Swiss Voting Patterns: Nonlinear Projection with t-SNE
On the Swiss map below, each municipality is shown with a color that represents its voting habits as obtained by a linear project through "t-distributed stochastic neighbour embedding" (t-SNE), from 1981 until today. Two municipalities with similar colors have similar voting habits, i.e., they are close to each other in the scatter plot. Observe for instance the differences between urban centers and rural areas, or between the different linguistic regions.
Explanation
On the scatter plot above, each municipality is shown by a dot. This representation is obtained directly from all the results to national-level referendum votes, using a dimensionality reduction technique called t-distributed stochastic neighbor embedding (t-SNE). On the Swiss map, the color of each municipality is directly determined by its position in the two-dimensional scatter plot.
In contrast to principal component analysis as used in the linear projection, t-SNE enables to capture nonlinear relationships present in the voting data. Informally, it captures the relative similarity between municipalities in the data and it tries to keep these similarities in a two-dimensional space. Hence, it is potentially able to reveal more insights in two dimensions and generate the visualization above. However, it lacks the easy interpretability of individual axes.
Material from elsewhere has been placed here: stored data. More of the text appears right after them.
lemma pcong_power_add_prime:
  fixes p :: int and f g :: "int poly"
  assumes "prime p"
  shows "pcong p q ((f + g) ^ nat p) (f ^ nat p + g ^ nat p)"
proof -
  define n where "n = nat p"
  have n: "prime n" "p = int n" using assms prime_gt_0_int[OF assms] by (simp_all add: n_def)
  have "(f + g) ^ n = (\<Sum>k\<le>n. of_nat (n choose k) * f ^ k * g ^ (n - k))"
    by (rule binomial_ring)
  also have "\<dots> = f ^ n + g ^ n + (\<Sum>k\<in>{1..<n}. of_nat (n choose k) * f ^ k * g ^ (n - k))"
  proof -
    have "{..n} = insert 0 (insert n {1..<n})" using prime_gt_0_nat[OF n(1)] by auto
    then show ?thesis using prime_gt_0_nat[OF n(1)] by (simp add: add_ac)
  qed
  also have "(\<Sum>k\<in>{1..<n}. of_nat (n choose k) * f ^ k * g ^ (n - k))
      = [:p:] * (\<Sum>k\<in>{1..<n}. of_nat ((n choose k) div n) * f ^ k * g ^ (n - k))"
    unfolding sum_distrib_left
  proof (rule sum.cong)
    fix k assume "k \<in> {1..<n}"
    then have "n choose k = n * ((n choose k) div n)" using dvd_choose_prime[of k n] n(1) by simp
    then have "(of_nat (n choose k) :: int poly) = [:p:] * of_nat ((n choose k) div n)"
      using n(2) by (metis of_nat_mult of_int_of_nat_eq of_int_poly)
    then show "of_nat (n choose k) * f ^ k * g ^ (n - k)
        = [:p:] * (of_nat ((n choose k) div n) * f ^ k * g ^ (n - k))"
      by (simp add: mult.assoc)
  qed simp
  finally have "(f + g) ^ n - (f ^ n + g ^ n)
      = [:p:] * (\<Sum>k\<in>{1..<n}. of_nat ((n choose k) div n) * f ^ k * g ^ (n - k)) + q * 0"
    by simp
  then show ?thesis unfolding pcong_def n_def by blast
qed

lemma pcong_X_squared: "pcong p [:-D, 0, 1:] ([:0, 1:] ^ 2) [:D:]"
proof -
  have "[:0, 1:] ^ 2 - [:D:] = [:p:] * 0 + [:-D, 0, 1:] * 1" by (simp add: power2_eq_square)
  then show ?thesis unfolding pcong_def by blast
qed

text \<open>Frobenius on \<open>\<bbbF>\<^sub>p(\<surd>D)\<close>: \<open>\<surd>D\<^sup>p = D\<^bsup>(p-1)/2\<^esup> \<surd>D = -\<surd>D\<close> by Euler's criterion.\<close>
lemma pcong_power_prime_conj:
  fixes p D a b :: int
  assumes "prime p" and "2 < p" and "\<not> QuadRes p D"
  shows "pcong p [:-D, 0, 1:] ([:a, b:] ^ nat p) [:a, -b:]"
proof -
  define X where "X = [:0, 1 :: int:]"
  define e where "e = nat ((p - 1) div 2)"
  obtain k where "p = 2 * k + 1" using prime_odd_int[OF assms(1,2)] by (auto elim: oddE)
  then have p_eq: "nat p = Suc (2 * e)" using \<open>2 < p\<close> unfolding e_def by simp
  have "\<not> [D = 0] (mod p)"
    using assms(3) unfolding QuadRes_def by (metis cong_sym power_zero_numeral)
  then have "Legendre D p = -1" using assms(3) unfolding Legendre_def by simp
  then have D_power: "[D ^ e = -1] (mod p)"
    using euler_criterion_int[OF assms(1,2), of D] unfolding e_def by (simp add: cong_sym_eq)
  have "X ^ nat p = X * (X ^ 2) ^ e" by (simp add: p_eq power_mult)
  also have "pcong p [:-D, 0, 1:] \<dots> (X * [:D:] ^ e)"
    unfolding X_def by (intro pcong_mult pcong_power pcong_X_squared pcong_refl)
  also have "pcong p [:-D, 0, 1:] (X * [:D:] ^ e) (X * [:-1:])"
    unfolding poly_const_pow by (intro pcong_mult pcong_refl pcong_const D_power)
  finally have X_power: "pcong p [:-D, 0, 1:] (X ^ nat p) (X * [:-1:])" .
  have "[:a, b:] ^ nat p = ([:a:] + [:b:] * X) ^ nat p" by (simp add: X_def)
  also have "pcong p [:-D, 0, 1:] \<dots> ([:a:] ^ nat p + ([:b:] * X) ^ nat p)"
    by (rule pcong_power_add_prime[OF assms(1)])
  also have "[:a:] ^ nat p + ([:b:] * X) ^ nat p = [:a ^ nat p:] + [:b ^ nat p:] * X ^ nat p"
    by (simp only: power_mult_distrib poly_const_pow)
  also have "pcong p [:-D, 0, 1:] \<dots> ([:a:] + [:b:] * (X * [:-1:]))"
    by (intro pcong_add pcong_mult pcong_const X_power fermat_int[OF assms(1,2)])
  also have "[:a:] + [:b:] * (X * [:-1:]) = [:a, -b:]" by (simp add: X_def)
  finally show ?thesis .
qed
In line with the principal component analysis, we observe a clustering in voting behavior by the language spoken in each municipality. However, even more remarkable, a finer sub-clustering by canton is also obtained. For example, spot the cluster corresponding to the canton of Bern: the German-speaking municipalities are located on right hand side of the plot and the French-speaking municipalities are located on the left hand side of the plot. First, municipalities of Bern are split by the language spoken and then grouped together within their cantonal sub-cluster. As also apparent in the principal component analysis, the canton of Wallis exhibits a unique voting behavior. It is isolated at the top of the plot, but it is still split according to the two spoken languages.